• WHAT THE EXERCISE ASKS:
This exercise calls for every line of the data below with the string "shows" in it.

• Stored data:
<<<<
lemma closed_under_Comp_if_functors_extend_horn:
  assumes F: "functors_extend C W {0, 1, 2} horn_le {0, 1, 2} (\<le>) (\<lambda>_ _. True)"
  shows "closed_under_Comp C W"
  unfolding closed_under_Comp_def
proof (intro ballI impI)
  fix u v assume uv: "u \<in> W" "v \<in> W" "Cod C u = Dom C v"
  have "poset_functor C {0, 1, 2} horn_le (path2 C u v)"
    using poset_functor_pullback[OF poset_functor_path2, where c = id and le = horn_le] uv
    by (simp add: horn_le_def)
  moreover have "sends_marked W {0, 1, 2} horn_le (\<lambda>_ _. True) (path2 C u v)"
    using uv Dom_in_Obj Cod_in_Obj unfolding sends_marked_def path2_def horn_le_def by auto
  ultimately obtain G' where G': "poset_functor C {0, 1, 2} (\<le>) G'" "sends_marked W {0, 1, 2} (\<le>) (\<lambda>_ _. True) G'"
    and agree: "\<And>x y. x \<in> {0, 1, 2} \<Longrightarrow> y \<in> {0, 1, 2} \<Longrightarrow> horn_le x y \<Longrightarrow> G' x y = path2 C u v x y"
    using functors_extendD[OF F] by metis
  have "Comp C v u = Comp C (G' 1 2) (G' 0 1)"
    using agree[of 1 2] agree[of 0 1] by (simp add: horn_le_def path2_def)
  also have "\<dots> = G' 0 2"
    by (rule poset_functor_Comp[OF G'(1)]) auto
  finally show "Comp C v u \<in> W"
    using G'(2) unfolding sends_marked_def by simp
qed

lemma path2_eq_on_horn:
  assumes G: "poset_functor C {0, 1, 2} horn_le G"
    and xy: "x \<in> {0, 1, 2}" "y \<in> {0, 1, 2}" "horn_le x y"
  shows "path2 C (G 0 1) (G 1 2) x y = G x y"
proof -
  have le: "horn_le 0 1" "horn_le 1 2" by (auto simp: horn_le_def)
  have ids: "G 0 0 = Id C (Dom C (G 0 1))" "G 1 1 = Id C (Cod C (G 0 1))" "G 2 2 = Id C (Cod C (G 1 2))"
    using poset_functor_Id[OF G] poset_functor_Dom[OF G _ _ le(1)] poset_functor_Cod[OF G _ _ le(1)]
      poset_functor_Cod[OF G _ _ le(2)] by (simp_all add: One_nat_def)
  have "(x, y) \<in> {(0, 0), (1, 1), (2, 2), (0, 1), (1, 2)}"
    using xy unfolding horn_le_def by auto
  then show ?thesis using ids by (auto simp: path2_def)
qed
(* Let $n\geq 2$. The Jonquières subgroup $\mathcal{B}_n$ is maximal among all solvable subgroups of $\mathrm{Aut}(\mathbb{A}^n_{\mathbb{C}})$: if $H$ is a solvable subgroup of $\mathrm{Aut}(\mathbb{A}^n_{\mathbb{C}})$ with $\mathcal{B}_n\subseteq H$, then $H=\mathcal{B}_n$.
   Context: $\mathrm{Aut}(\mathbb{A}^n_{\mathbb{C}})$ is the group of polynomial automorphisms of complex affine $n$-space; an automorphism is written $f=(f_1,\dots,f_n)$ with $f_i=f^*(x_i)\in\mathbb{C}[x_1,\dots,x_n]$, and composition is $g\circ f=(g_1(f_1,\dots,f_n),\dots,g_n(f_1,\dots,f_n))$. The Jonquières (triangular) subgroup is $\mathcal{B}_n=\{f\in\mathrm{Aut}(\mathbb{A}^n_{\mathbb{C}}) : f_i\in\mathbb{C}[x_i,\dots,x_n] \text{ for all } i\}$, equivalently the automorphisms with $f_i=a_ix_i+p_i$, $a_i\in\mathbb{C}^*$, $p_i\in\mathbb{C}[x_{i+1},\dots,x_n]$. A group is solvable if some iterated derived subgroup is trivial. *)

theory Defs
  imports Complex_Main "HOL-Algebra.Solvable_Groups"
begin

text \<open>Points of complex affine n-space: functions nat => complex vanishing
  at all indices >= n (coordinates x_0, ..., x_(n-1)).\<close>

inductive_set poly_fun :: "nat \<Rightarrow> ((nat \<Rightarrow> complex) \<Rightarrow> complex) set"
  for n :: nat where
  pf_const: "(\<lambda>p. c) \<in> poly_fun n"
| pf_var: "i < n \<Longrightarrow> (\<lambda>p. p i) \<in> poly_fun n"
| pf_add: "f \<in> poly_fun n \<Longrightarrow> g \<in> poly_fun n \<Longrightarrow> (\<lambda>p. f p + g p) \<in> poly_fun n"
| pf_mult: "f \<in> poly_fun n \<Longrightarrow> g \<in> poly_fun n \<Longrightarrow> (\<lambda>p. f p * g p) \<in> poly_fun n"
>>>>
<<<<
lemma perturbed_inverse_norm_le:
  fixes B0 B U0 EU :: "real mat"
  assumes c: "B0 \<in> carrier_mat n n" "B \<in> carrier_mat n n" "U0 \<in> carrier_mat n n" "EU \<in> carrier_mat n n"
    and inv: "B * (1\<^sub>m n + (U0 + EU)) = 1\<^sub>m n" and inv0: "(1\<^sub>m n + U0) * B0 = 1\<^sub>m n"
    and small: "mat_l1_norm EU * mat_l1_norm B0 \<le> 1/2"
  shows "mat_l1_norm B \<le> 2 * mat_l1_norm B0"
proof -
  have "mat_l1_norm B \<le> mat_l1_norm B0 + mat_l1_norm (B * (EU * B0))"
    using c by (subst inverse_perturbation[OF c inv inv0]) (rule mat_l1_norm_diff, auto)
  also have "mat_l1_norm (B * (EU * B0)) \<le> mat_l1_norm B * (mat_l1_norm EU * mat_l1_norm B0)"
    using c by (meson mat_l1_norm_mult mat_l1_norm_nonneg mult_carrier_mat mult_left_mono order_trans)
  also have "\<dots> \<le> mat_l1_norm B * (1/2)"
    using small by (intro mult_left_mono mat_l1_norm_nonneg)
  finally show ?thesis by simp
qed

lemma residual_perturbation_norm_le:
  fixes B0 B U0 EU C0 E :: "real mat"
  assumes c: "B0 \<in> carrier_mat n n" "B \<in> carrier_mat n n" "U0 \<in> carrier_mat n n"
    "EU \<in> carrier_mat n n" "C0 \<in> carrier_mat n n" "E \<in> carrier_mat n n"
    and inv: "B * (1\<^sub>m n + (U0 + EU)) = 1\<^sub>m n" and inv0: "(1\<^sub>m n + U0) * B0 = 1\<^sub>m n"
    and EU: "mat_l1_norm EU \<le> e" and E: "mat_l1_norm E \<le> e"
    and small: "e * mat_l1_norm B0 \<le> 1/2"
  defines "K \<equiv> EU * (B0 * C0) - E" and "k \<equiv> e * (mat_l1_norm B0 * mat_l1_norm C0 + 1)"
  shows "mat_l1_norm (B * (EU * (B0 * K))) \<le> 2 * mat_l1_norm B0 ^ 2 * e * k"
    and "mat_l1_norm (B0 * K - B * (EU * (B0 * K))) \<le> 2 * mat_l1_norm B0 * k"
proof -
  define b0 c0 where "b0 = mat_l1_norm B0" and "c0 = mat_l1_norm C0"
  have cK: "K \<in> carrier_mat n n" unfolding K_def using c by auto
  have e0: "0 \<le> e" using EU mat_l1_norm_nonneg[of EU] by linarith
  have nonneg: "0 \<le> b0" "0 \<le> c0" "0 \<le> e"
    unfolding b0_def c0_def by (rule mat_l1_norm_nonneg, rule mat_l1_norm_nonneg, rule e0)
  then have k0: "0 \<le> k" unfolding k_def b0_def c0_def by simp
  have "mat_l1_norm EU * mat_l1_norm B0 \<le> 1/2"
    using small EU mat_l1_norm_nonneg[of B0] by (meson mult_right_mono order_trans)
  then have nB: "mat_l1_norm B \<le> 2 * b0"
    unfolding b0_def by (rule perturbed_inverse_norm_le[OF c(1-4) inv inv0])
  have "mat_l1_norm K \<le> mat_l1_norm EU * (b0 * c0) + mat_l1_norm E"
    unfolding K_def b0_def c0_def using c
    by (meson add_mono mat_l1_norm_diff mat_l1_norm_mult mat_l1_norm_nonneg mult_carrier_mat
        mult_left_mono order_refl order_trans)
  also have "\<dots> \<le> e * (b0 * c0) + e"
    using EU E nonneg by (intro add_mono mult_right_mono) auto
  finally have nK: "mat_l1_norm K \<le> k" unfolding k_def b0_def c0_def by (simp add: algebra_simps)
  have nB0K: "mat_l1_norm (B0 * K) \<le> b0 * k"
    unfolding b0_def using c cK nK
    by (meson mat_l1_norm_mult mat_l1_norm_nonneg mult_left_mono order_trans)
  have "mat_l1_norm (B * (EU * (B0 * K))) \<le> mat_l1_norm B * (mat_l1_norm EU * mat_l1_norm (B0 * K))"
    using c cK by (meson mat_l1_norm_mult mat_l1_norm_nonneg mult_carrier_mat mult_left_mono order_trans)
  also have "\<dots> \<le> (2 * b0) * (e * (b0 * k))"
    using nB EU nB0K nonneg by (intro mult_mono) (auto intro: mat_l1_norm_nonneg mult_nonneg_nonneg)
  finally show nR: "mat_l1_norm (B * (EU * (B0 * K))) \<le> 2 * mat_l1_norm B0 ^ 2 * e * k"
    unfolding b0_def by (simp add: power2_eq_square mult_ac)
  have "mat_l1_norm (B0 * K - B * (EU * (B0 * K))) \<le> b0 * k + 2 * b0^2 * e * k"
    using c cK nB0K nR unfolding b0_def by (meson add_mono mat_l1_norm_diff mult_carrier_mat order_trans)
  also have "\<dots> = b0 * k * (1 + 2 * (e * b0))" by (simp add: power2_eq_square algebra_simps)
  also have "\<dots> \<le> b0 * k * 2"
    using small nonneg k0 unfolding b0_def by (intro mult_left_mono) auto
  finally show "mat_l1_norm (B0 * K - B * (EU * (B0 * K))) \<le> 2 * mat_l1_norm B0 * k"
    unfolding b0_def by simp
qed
>>>>
• TASK RESPONSE:
  shows "closed_under_Comp C W"
  shows "path2 C (G 0 1) (G 1 2) x y = G x y"
  shows "mat_l1_norm B \<le> 2 * mat_l1_norm B0"
  shows "mat_l1_norm (B * (EU * (B0 * K))) \<le> 2 * mat_l1_norm B0 ^ 2 * e * k"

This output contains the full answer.